FIG. 3 depicts multi-parametric MRI oncology data factorized to two physiology components, in accordance with an aspect of the present disclosure; and

FIG. 4 depicts basis vectors from a non-negative matrix factorization study, in accordance with an aspect of the present disclosure.

DETAILED DESCRIPTION

One or more specific embodiments will be described below. In an effort to provide a concise description of these embodiments, all features of an actual implementation may not be described in the specification. It should be appreciated that in the development of any such actual implementation, as in any engineering or design project, numerous implementation-specific decisions must be made to achieve the developers' specific goals, such as compliance with system-related and business-related constraints, which may vary from one implementation to another. Moreover, it should be appreciated that such a development effort might be complex and time consuming, but would nevertheless be a routine undertaking of design, fabrication, and manufacture for those of ordinary skill having the benefit of this disclosure.

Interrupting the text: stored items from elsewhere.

(* Let $n\ge 1$ and let $R_n=\{s_1,\dots,s_n\}$, where $s_1=0$ and $s_i=1\,0^{i-2}\,1$ for $2\le i\le n$. Then for every code $C_n\in\mathbb{S}_n$, every codeword of $C_n$ has some codeword of $R_n$ as a prefix.
   Context: All strings are finite binary strings; $0^{r}$ denotes the string of $r$ zeros and $|w|$ the length of $w$. A palindrome is a string equal to its reversal. A symmetric fix-free code is a finite set of binary palindromes no one of which is a proper prefix of another. $\mathbb{S}_n$ denotes the set of symmetric fix-free codes with exactly $n$ codewords which do not contain the one-bit string $1$ and all of whose codewords have length at most $n$. "Prefix" includes the case of equality. *)

theory Defs
  imports Main "HOL-Library.Sublist"
begin

text \<open>Binary strings are lists of booleans: False = bit 0, True = bit 1.\<close>

definition palindrome :: "bool list \<Rightarrow> bool" where
  "palindrome w \<longleftrightarrow> rev w = w"

definition proper_prefix :: "bool list \<Rightarrow> bool list \<Rightarrow> bool" where
  "proper_prefix u v \<longleftrightarrow> prefix u v \<and> u \<noteq> v"

definition symmetric_fix_free :: "bool list set \<Rightarrow> bool" where
  "symmetric_fix_free C \<longleftrightarrow> finite C \<and> (\<forall>w\<in>C. w \<noteq> [] \<and> palindrome w)
     \<and> (\<forall>u\<in>C. \<forall>v\<in>C. \<not> proper_prefix u v)"

definition S_codes :: "nat \<Rightarrow> bool list set set" where
  "S_codes n = {C. symmetric_fix_free C \<and> card C = n \<and> [True] \<notin> C
                   \<and> (\<forall>w\<in>C. length w \<le> n)}"

definition s_word :: "nat \<Rightarrow> bool list" where
  "s_word i = (if i = 1 then [False] else [True] @ replicate (i - 2) False @ [True])"

definition R_code :: "nat \<Rightarrow> bool list set" where
  "R_code n = s_word ` {1..n}"

end

theory Submission
  imports Defs
begin

text \<open>Only three properties of a codeword matter: it is a nonempty palindrome other than
  the word 1. If it starts with 0 then s_1 is a prefix; if it starts with 1 then, being a
  palindrome of length at least 2, it also ends with 1, so its first 1 after the leading
  one exists and it begins with 1 0^k 1 = s_(k+2), where k + 2 does not exceed its length.\<close>

lemma replicate_False_prefix_first_True:
  assumes "True \<in> set t"
  obtains k rest where "t = replicate k False @ True # rest"
proof -
  obtain ys rest where t: "t = ys @ True # rest" and "True \<notin> set ys"
    using split_list_first[OF assms] by blast
  then have "ys = replicate (length ys) False"
    using replicate_length_same[of ys False] by (metis (full_types))
  with t show thesis
    using that by metis
qed

lemma palindrome_starting_True_has_True_later:
  assumes "palindrome (True # t)" and "t \<noteq> []"
  shows "True \<in> set t"
proof -
  have "last (True # t) = True"
    using assms(1) by (metis hd_rev list.sel(1) palindrome_def)
  then have "last t = True"
    using assms(2) by simp
  then show ?thesis
    using assms(2) last_in_set by metis
qed

lemma palindrome_has_s_word_prefix:
  assumes "w \<noteq> []" and "palindrome w" and "w \<noteq> [True]"
  shows "\<exists>i\<in>{1..length w}. prefix (s_word i) w"
proof -
  obtain a t where w: "w = a # t"
    using assms(1) by (cases w) auto
  show ?thesis
  proof (cases a)
    case False
    then have "prefix (s_word 1) w"
      using w by (simp add: s_word_def)
    then show ?thesis
      using w by force
  next
    case True
    with w have w_True: "w = True # t" by simp
    with assms(3) have "t \<noteq> []" by auto
    with w_True assms(2) have "True \<in> set t"
      using palindrome_starting_True_has_True_later by simp
    then obtain k rest where t: "t = replicate k False @ True # rest"
      by (rule replicate_False_prefix_first_True)
    have "prefix (s_word (k + 2)) w" and "k + 2 \<in> {1..length w}"
      using w_True t by (simp_all add: s_word_def)
    then show ?thesis by blast
  qed
qed

theorem lemma1:
  fixes n :: nat and C :: "bool list set"
  assumes "n \<ge> 1" and "C \<in> S_codes n"
  shows "\<forall>w\<in>C. \<exists>s\<in>R_code n. prefix s w"
proof
  fix w assume "w \<in> C"
  then have "w \<noteq> []" "palindrome w" "w \<noteq> [True]" "length w \<le> n"
    using assms(2) by (auto simp: S_codes_def symmetric_fix_free_def)
  then obtain i where "i \<in> {1..length w}" "prefix (s_word i) w"
    using palindrome_has_s_word_prefix by blast
  with \<open>length w \<le> n\<close> show "\<exists>s\<in>R_code n. prefix s w"
    unfolding R_code_def by auto
qed

end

When introducing elements of various embodiments of the present embodiments, the articles “a,” “an,” “the,” and “said” are intended to mean that there are one or more of the elements. The terms “comprising,” “including,” and “having” are intended to be inclusive and mean that there may be additional elements other than the listed elements. Furthermore, any numerical examples in the following discussion are intended to be non-limiting, and thus additional numerical values, ranges, and percentages are within the scope of the disclosed embodiments.

In accordance with the present approach, a methodology for generating and labelling biologically or physiologically relevant data from provided multi-parametric data is provided. The labeled biologically or physiologically relevant data may then be displayed to facilitate clinical interpretation or other analysis, such as providing the data in a suitable format for further analysis.

In one implementation, this process is accomplished by using various data factorization methods such as non-negative matrix factorization (NNMF), convex analysis of mixtures with non-negative sources (CAMNS), and so forth, for data separation. The output of factorization methods and their signatures are then used to label regions of the image data as belonging to one or more physiological states, processes, or structures of interest.

To facilitate explanation of the present approach, an example is described herein related to the use of multi-parametric data corresponding to what might be obtained as part of a magnetic resonance imaging (MRI) oncology protocol. As used herein, the term “multi-parametric” relates to a plurality of images that can be collected, such as for a patient examination. In this context, each image (for example, diffusion images, contrast-enhanced T1 weighted images, and so forth) constitutes different “channels” or information. Though MRI examples are discussed herein, it is to be understood that the present approach may be similarly implemented using different types of data datasets, including datasets acquired using other MRI protocols and/or other imaging modality types and protocols, including computed tomography (CT), tomosynthesis, mammography, ultrasound, positron emission tomography (PET), single photon emission computed tomography (SPECT), and so forth. Thus, the present approach is not restricted to MRI or tumor assessment, but to more generic physiological representations of multi-parametric (mp)-MRI data as well as other protocols and modality types. Therefore, even in the MRI context, the present approach can be used across disease conditions since physiology-MRI relationships are maintained across disease conditions. However, as may be appreciated, the manifestations in individual MRI images change across disease conditions, however, such variance in manifestations will be understood in the context of a given protocol by those skilled in the art (e.g., in tumor, restricted diffusion is related to aggressiveness of tumor, while in stroke it is related to regions of infarction; but physiologically it is still represented as increased cellularity).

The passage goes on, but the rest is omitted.